Thinking about changing responsibilities over time, I have to say I would choose neither. It is perfectly conceivable that the mass observation may at some time move and not be under the remit of the University of Sussex Library, or even the university.

I would choose a hostname that can travel with the archive wherever it may live. Fortunately it already has one, http://www.massobs.org.uk/. Ideally the catalogue would live it something like catalogue.massobs.org.uk or maybe massobs.org.uk/archive or something like that.
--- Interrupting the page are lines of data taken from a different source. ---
(* Let $P$ be an irreducible positive recurrent stochastic kernel on a countable set $I$ with stationary distribution $\pi$, let $\widetilde{P}$ be a stochastic kernel on a countable set $\widetilde{I}$ and $\Lambda=(\Lambda(\widetilde{x},x):\widetilde{x}\in\widetilde{I},x\in I)$ a stochastic matrix with $\widetilde{P}\Lambda=\Lambda P$. Define the kernel $\underline{P}$ on $I\times\widetilde{I}$ by $$\underline{P}\big((x,\widetilde{x}),(y,\widetilde{y})\big)=\frac{P(x,y)\,\widetilde{P}(\widetilde{x},\widetilde{y})\,\Lambda(\widetilde{y},y)}{(\Lambda P)(\widetilde{x},y)}\,\mathbf{1}\big((\Lambda P)(\widetilde{x},y)>0\big),$$ and let $(X,\widetilde{X})$ be the Markov chain with kernel $\underline{P}$. Fix $\widetilde{\partial}\in\widetilde{I}$. Assume $\widetilde{\mu}$ is a quasi-stationary distribution for the chain $\widetilde{X}$ (with kernel $\widetilde{P}$) with forbidden state $\widetilde{\partial}$. Then the probability measure $$\underline{\mu}(x_0,\widetilde{x}_0)=\widetilde{\mu}(\widetilde{x}_0)\,\Lambda(\widetilde{x}_0,x_0),\qquad (x_0,\widetilde{x}_0)\in I\times(\widetilde{I}\setminus\{\widetilde{\partial}\}),$$ is a quasi-stationary distribution for $(X,\widetilde{X})$ with forbidden set $\underline{\partial}=I\times\{\widetilde{\partial}\}$.
   Context: For a Markov chain $Y=(Y_n)_{n\ge0}$ on a countable set $J$ with stochastic kernel $Q$ and a nonempty proper subset $K\subset J$ with hitting time $\tau_K=\inf\{n\ge0:Y_n\in K\}$, a probability measure $\mu$ on $J\setminus K$ is a quasi-stationary distribution (q.s.d.) for $Y$ with forbidden set $K$ if $\mathbb{P}_\mu(Y_n=j\mid\tau_K>n)=\mu(j)$ for all $j\in J\setminus K$ and all $n\ge0$; equivalently, there is $\gamma$ with $\sum_{i\in J\setminus K}\mu(i)Q(i,j)=\gamma\mu(j)$ for all $j\in J\setminus K$. $\mathbb{P}_\mu$ is the law of the chain with initial distribution $\mu$. *)

theory Defs
  imports "HOL-Analysis.Analysis"
begin

definition stochastic :: "('a \<Rightarrow> 'b \<Rightarrow> real) \<Rightarrow> bool" where
  "stochastic Q \<longleftrightarrow> (\<forall>x y. 0 \<le> Q x y) \<and> (\<forall>x. (Q x has_sum 1) UNIV)"

definition mat_mult :: "('a \<Rightarrow> 'b \<Rightarrow> real) \<Rightarrow> ('b \<Rightarrow> 'c \<Rightarrow> real) \<Rightarrow> 'a \<Rightarrow> 'c \<Rightarrow> real" where
  "mat_mult A B x z = (\<Sum>\<^sub>\<infinity>y. A x y * B y z)"

fun mat_pow :: "('a \<Rightarrow> 'a \<Rightarrow> real) \<Rightarrow> nat \<Rightarrow> 'a \<Rightarrow> 'a \<Rightarrow> real" where
  "mat_pow Q 0 = (\<lambda>x y. if x = y then 1 else 0)"
| "mat_pow Q (Suc n) = mat_mult (mat_pow Q n) Q"

definition irreducible_kernel :: "('a \<Rightarrow> 'a \<Rightarrow> real) \<Rightarrow> bool" where
  "irreducible_kernel Q \<longleftrightarrow> (\<forall>x y. \<exists>n. mat_pow Q n x y > 0)"

text \<open>First passage probabilities: first_passage Q n x y = P_x(first hitting time of y
  at a time >= 1 equals n).\<close>
fun first_passage :: "('a \<Rightarrow> 'a \<Rightarrow> real) \<Rightarrow> nat \<Rightarrow> 'a \<Rightarrow> 'a \<Rightarrow> real" where
  "first_passage Q 0 x y = 0"
| "first_passage Q (Suc 0) x y = Q x y"
| "first_passage Q (Suc (Suc n)) x y =
     (\<Sum>\<^sub>\<infinity>z\<in>-{y}. Q x z * first_passage Q (Suc n) z y)"

definition positive_recurrent :: "('a \<Rightarrow> 'a \<Rightarrow> real) \<Rightarrow> bool" where
  "positive_recurrent Q \<longleftrightarrow>
     (\<forall>x. (\<lambda>n. first_passage Q n x x) sums 1
        \<and> summable (\<lambda>n. real n * first_passage Q n x x))"

definition stationary_distribution :: "('a \<Rightarrow> 'a \<Rightarrow> real) \<Rightarrow> ('a \<Rightarrow> real) \<Rightarrow> bool" where
  "stationary_distribution Q \<pi> \<longleftrightarrow>
     (\<forall>x. 0 \<le> \<pi> x) \<and> (\<pi> has_sum 1) UNIV \<and> (\<forall>y. (\<Sum>\<^sub>\<infinity>x. \<pi> x * Q x y) = \<pi> y)"

text \<open>Quasi-stationary distribution (eigenvector form, as in the context):
  mu is a probability measure on J - K and mu Q = gamma mu on J - K.\<close>
definition qsd :: "('a \<Rightarrow> 'a \<Rightarrow> real) \<Rightarrow> 'a set \<Rightarrow> ('a \<Rightarrow> real) \<Rightarrow> bool" where
  "qsd Q K \<mu> \<longleftrightarrow>
     (\<forall>j. 0 \<le> \<mu> j) \<and> (\<forall>j\<in>K. \<mu> j = 0) \<and> (\<mu> has_sum 1) (- K) \<and>
     (\<exists>\<gamma>. \<forall>j\<in>-K. (\<Sum>\<^sub>\<infinity>i\<in>-K. \<mu> i * Q i j) = \<gamma> * \<mu> j)"

definition coupled_kernel ::
  "('i \<Rightarrow> 'i \<Rightarrow> real) \<Rightarrow> ('j \<Rightarrow> 'j \<Rightarrow> real) \<Rightarrow> ('j \<Rightarrow> 'i \<Rightarrow> real)
     \<Rightarrow> ('i \<times> 'j) \<Rightarrow> ('i \<times> 'j) \<Rightarrow> real" where
  "coupled_kernel P Pt \<Lambda> = (\<lambda>(x, xt) (y, yt).
     if mat_mult \<Lambda> P xt y > 0
     then P x y * Pt xt yt * \<Lambda> yt y / mat_mult \<Lambda> P xt y else 0)"

end

theory Submission
  imports Defs
begin

text \<open>Averaging the coupled kernel over the first coordinate against \<open>\<Lambda>(x\<^sub>t, \<cdot>)\<close> cancels the
  normalisation \<open>(\<Lambda>P)(x\<^sub>t, y)\<close> and leaves \<open>Pt(x\<^sub>t, y\<^sub>t) \<Lambda>(y\<^sub>t, y)\<close>; the intertwining
  \<open>Pt \<Lambda> = \<Lambda> P\<close> guarantees that nothing is lost where the normalisation vanishes.
  Hence the lifted measure \<open>\<mu>(x, x\<^sub>t) = \<mu>\<^sub>t(x\<^sub>t) \<Lambda>(x\<^sub>t, x)\<close> is mapped by the coupled kernel
  to the lift of \<open>\<mu>\<^sub>t Pt\<close>, so the eigenvalue equation of \<open>\<mu>\<^sub>t\<close> lifts with the same \<open>\<gamma>\<close>.\<close>

lemma has_sum_nonneg_entry_le:
  fixes f :: "'a \<Rightarrow> real"
  assumes "(f has_sum s) A" and "\<And>x. x \<in> A \<Longrightarrow> 0 \<le> f x" and "y \<in> A"
  shows "f y \<le> s"
proof -
  have "(f has_sum f y) {y}"
    using has_sum_finite[of "{y}" f] by simp
  then show ?thesis
    using has_sum_mono2[OF _ assms(1)] assms(2,3) by auto
qed

lemma has_sum_UNIV_times_nonneg:
  fixes f :: "'a \<times> 'b \<Rightarrow> real"
  assumes nonneg: "\<And>x b. b \<in> B \<Longrightarrow> 0 \<le> f (x, b)"
    and inner: "\<And>b. b \<in> B \<Longrightarrow> ((\<lambda>x. f (x, b)) has_sum g b) UNIV"
    and outer: "(g has_sum S) B"
  shows "(f has_sum S) (UNIV \<times> B)"
proof -
  let ?f' = "\<lambda>(b, x). f (x, b)"
  have "?f' summable_on B \<times> UNIV"
    using inner outer nonneg by (intro summable_on_SigmaI) (auto simp: summable_on_def)
  then have "(?f' has_sum S) (B \<times> UNIV)"
    using inner outer by (intro has_sum_SigmaI) auto
  from has_sum_swap[THEN iffD1, OF this] show ?thesis
    by simp
qed

lemma stochastic_nonneg: "stochastic Q \<Longrightarrow> 0 \<le> Q x y"
  by (simp add: stochastic_def)

lemma stochastic_has_sum: "stochastic Q \<Longrightarrow> (Q x has_sum 1) UNIV"
  by (simp add: stochastic_def)

lemma stochastic_le_one: "stochastic Q \<Longrightarrow> Q x y \<le> 1"
  by (rule has_sum_nonneg_entry_le[OF stochastic_has_sum]) (auto simp: stochastic_nonneg)

lemma summable_on_mult_stochastic:
  assumes "stochastic Q" and "\<And>x. x \<in> A \<Longrightarrow> 0 \<le> f x" and "f summable_on A"
  shows "(\<lambda>x. f x * Q x y) summable_on A"
  using assms by (intro summable_on_comparison_test[OF assms(3)])
    (auto intro: mult_left_le simp: stochastic_nonneg stochastic_le_one)

lemma stochastic_mat_mult_has_sum:
  assumes "stochastic A" and "stochastic B"
  shows "((\<lambda>y. A x y * B y z) has_sum mat_mult A B x z) UNIV"
proof -
  have "A x summable_on UNIV"
    using stochastic_has_sum[OF assms(1)] by (auto simp: summable_on_def)
  then have "(\<lambda>y. A x y * B y z) summable_on UNIV"
    using assms by (intro summable_on_mult_stochastic) (auto simp: stochastic_nonneg)
  then show ?thesis
    by (simp add: mat_mult_def)
qed

lemma stochastic_le_mat_mult:
  assumes "stochastic A" and "stochastic B"
  shows "A x y * B y z \<le> mat_mult A B x z"
  using stochastic_mat_mult_has_sum[OF assms] by (rule has_sum_nonneg_entry_le)
    (simp_all add: assms stochastic_nonneg)

lemma coupled_kernel_nonneg:
  assumes "stochastic P" and "stochastic Pt" and "stochastic \<Lambda>"
  shows "0 \<le> coupled_kernel P Pt \<Lambda> u v"
  using assms by (auto simp: coupled_kernel_def stochastic_nonneg split: prod.split)

lemma coupled_kernel_average_has_sum:
  assumes P: "stochastic P" and Pt: "stochastic Pt" and \<Lambda>: "stochastic \<Lambda>"
    and intertwining: "mat_mult Pt \<Lambda> = mat_mult \<Lambda> P"
  shows "((\<lambda>x. \<Lambda> xt x * coupled_kernel P Pt \<Lambda> (x, xt) (y, yt)) has_sum Pt xt yt * \<Lambda> yt y) UNIV"
proof (cases "mat_mult \<Lambda> P xt y > 0")
  case True
  let ?c = "Pt xt yt * \<Lambda> yt y / mat_mult \<Lambda> P xt y"
  have "((\<lambda>x. ?c * (\<Lambda> xt x * P x y)) has_sum ?c * mat_mult \<Lambda> P xt y) UNIV"
    by (intro has_sum_cmult_right stochastic_mat_mult_has_sum \<Lambda> P)
  then show ?thesis
    using True by (simp add: coupled_kernel_def field_simps)
next
  case False
  have "Pt xt yt * \<Lambda> yt y \<le> mat_mult \<Lambda> P xt y"
    using stochastic_le_mat_mult[OF Pt \<Lambda>] by (simp add: intertwining)
  moreover have "0 \<le> Pt xt yt * \<Lambda> yt y"
    using Pt \<Lambda> by (simp add: stochastic_nonneg)
  ultimately have "Pt xt yt * \<Lambda> yt y = 0"
    using False by linarith
  then show ?thesis
    using False by (auto simp: coupled_kernel_def)
qed

lemma lifted_measure_has_sum:
  assumes \<Lambda>: "stochastic \<Lambda>"
    and nonneg: "\<And>xt. xt \<in> A \<Longrightarrow> 0 \<le> \<nu> xt" and sum: "(\<nu> has_sum s) A"
  shows "((\<lambda>(x, xt). \<nu> xt * \<Lambda> xt x) has_sum s) (UNIV \<times> A)"
proof (rule has_sum_UNIV_times_nonneg[OF _ _ sum])
  show "((\<lambda>x. (\<lambda>(x, xt). \<nu> xt * \<Lambda> xt x) (x, xt)) has_sum \<nu> xt) UNIV" for xt
    using has_sum_cmult_right[OF stochastic_has_sum[OF \<Lambda>], where c = "\<nu> xt"] by simp
qed (simp add: nonneg \<Lambda> stochastic_nonneg)

lemma lifted_measure_coupled_kernel_has_sum:
  assumes P: "stochastic P" and Pt: "stochastic Pt" and \<Lambda>: "stochastic \<Lambda>"
    and intertwining: "mat_mult Pt \<Lambda> = mat_mult \<Lambda> P"
    and nonneg: "\<And>xt. xt \<in> A \<Longrightarrow> 0 \<le> \<nu> xt" and summable: "\<nu> summable_on A"
  shows "((\<lambda>(x, xt). \<nu> xt * \<Lambda> xt x * coupled_kernel P Pt \<Lambda> (x, xt) (y, yt))
           has_sum (\<Sum>\<^sub>\<infinity>xt\<in>A. \<nu> xt * Pt xt yt) * \<Lambda> yt y) (UNIV \<times> A)"
proof (rule has_sum_UNIV_times_nonneg)
  show "0 \<le> (\<lambda>(x, xt). \<nu> xt * \<Lambda> xt x * coupled_kernel P Pt \<Lambda> (x, xt) (y, yt)) (x, xt)"
    if "xt \<in> A" for x xt
    using that nonneg P Pt \<Lambda> by (simp add: stochastic_nonneg coupled_kernel_nonneg)
  show "((\<lambda>x. (\<lambda>(x, xt). \<nu> xt * \<Lambda> xt x * coupled_kernel P Pt \<Lambda> (x, xt) (y, yt)) (x, xt))
          has_sum \<nu> xt * Pt xt yt * \<Lambda> yt y) UNIV" for xt
    using has_sum_cmult_right[OF coupled_kernel_average_has_sum[OF P Pt \<Lambda> intertwining], where c = "\<nu> xt"]
    by (simp add: mult.assoc)
  have "(\<lambda>xt. \<nu> xt * Pt xt yt) summable_on A"
    using Pt nonneg summable by (rule summable_on_mult_stochastic)
  then show "((\<lambda>xt. \<nu> xt * Pt xt yt * \<Lambda> yt y) has_sum (\<Sum>\<^sub>\<infinity>xt\<in>A. \<nu> xt * Pt xt yt) * \<Lambda> yt y) A"
    by (intro has_sum_cmult_left has_sum_infsum)
qed

lemma qsd_coupled_kernel_lift:
  assumes P: "stochastic P" and Pt: "stochastic Pt" and \<Lambda>: "stochastic \<Lambda>"
    and intertwining: "mat_mult Pt \<Lambda> = mat_mult \<Lambda> P"
    and qsd: "qsd Pt K \<mu>t"
  shows "qsd (coupled_kernel P Pt \<Lambda>) (UNIV \<times> K) (\<lambda>(x, xt). \<mu>t xt * \<Lambda> xt x)"
proof -
  from qsd obtain \<gamma> where nonneg: "\<And>xt. 0 \<le> \<mu>t xt" and vanish: "\<And>xt. xt \<in> K \<Longrightarrow> \<mu>t xt = 0"
    and sum: "(\<mu>t has_sum 1) (- K)"
    and eigen: "\<And>yt. yt \<in> - K \<Longrightarrow> (\<Sum>\<^sub>\<infinity>xt\<in>-K. \<mu>t xt * Pt xt yt) = \<gamma> * \<mu>t yt"
    unfolding qsd_def by blast
  let ?\<mu> = "\<lambda>(x, xt). \<mu>t xt * \<Lambda> xt x"
  have compl: "- (UNIV \<times> K) = UNIV \<times> - K"
    by auto
  have "(\<Sum>\<^sub>\<infinity>u\<in>UNIV \<times> - K. ?\<mu> u * coupled_kernel P Pt \<Lambda> u v) = \<gamma> * ?\<mu> v"
    if "v \<in> UNIV \<times> - K" for v
  proof (cases v)
    case (Pair y yt)
    have "\<mu>t summable_on - K"
      using sum by (rule has_sum_imp_summable)
    then have "((\<lambda>u. ?\<mu> u * coupled_kernel P Pt \<Lambda> u v)
                 has_sum (\<Sum>\<^sub>\<infinity>xt\<in>-K. \<mu>t xt * Pt xt yt) * \<Lambda> yt y) (UNIV \<times> - K)"
      using lifted_measure_coupled_kernel_has_sum[OF P Pt \<Lambda> intertwining, of "- K" \<mu>t y yt] nonneg
      by (simp add: Pair case_prod_unfold)
    moreover have "(\<Sum>\<^sub>\<infinity>xt\<in>-K. \<mu>t xt * Pt xt yt) * \<Lambda> yt y = \<gamma> * ?\<mu> v"
      using eigen that by (simp add: Pair)
    ultimately show ?thesis
      by (simp add: infsumI)
  qed
  moreover have "(?\<mu> has_sum 1) (UNIV \<times> - K)"
    using \<Lambda> nonneg sum by (rule lifted_measure_has_sum)
  moreover have "0 \<le> ?\<mu> u" for u
    using nonneg \<Lambda> by (simp add: case_prod_unfold stochastic_nonneg)
  moreover have "?\<mu> u = 0" if "u \<in> UNIV \<times> K" for u
    using vanish that by (auto simp: case_prod_unfold)
  ultimately show ?thesis
    unfolding qsd_def compl by blast
qed

theorem proposition7:
  fixes P :: "'i::countable \<Rightarrow> 'i \<Rightarrow> real"
    and \<pi> :: "'i \<Rightarrow> real"
    and Pt :: "'j::countable \<Rightarrow> 'j \<Rightarrow> real"
    and \<Lambda> :: "'j \<Rightarrow> 'i \<Rightarrow> real"
    and dt :: 'j
    and \<mu>t :: "'j \<Rightarrow> real"
  assumes "stochastic P" and "irreducible_kernel P" and "positive_recurrent P"
    and "stationary_distribution P \<pi>"
    and "stochastic Pt"
    and "stochastic \<Lambda>"
    and "mat_mult Pt \<Lambda> = mat_mult \<Lambda> P"
    and "UNIV \<noteq> {dt}"
    and "qsd Pt {dt} \<mu>t"
  shows "qsd (coupled_kernel P Pt \<Lambda>) (UNIV \<times> {dt}) (\<lambda>(x0, xt0). \<mu>t xt0 * \<Lambda> xt0 x0)"
  using qsd_coupled_kernel_lift[OF assms(1,5,6,7,9)] .

end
My leaning on this is really because this web of data isn’t something separate from the web of documents, it’s “as well as” and “part of” the web as one whole thing. data.anything makes it somehow different; which in essence it’s not.

Postscript

Oh, on just one more thing…

URI type, for example one of:
• id – Identifier URI
• doc – Document URI, Representation URI
• def – Ontology URI
• set – Set URI

Personally, I really dislike this URI pattern. It leaves the distinguishing piece early in the URI, making it harder to spot the change as the server redirects and harder to select or change when working with the URIs.

I much prefer the pattern

/container/reference to mean the resource
/container/reference.rdf for the rdf/xml
/container/reference.html for the html

and expanding to

/container/reference.json, /container/reference.nt, /container/reference.xml and on and on.

My reasoning is simple, I can copy and paste the document URI from the address bar, paste it to curl on the command line and simply backspace a few to trim off the extension. Also, in the browser or wget, this pattern gives us files named something.html and something.rdf by default. Much easier to work with in most tools.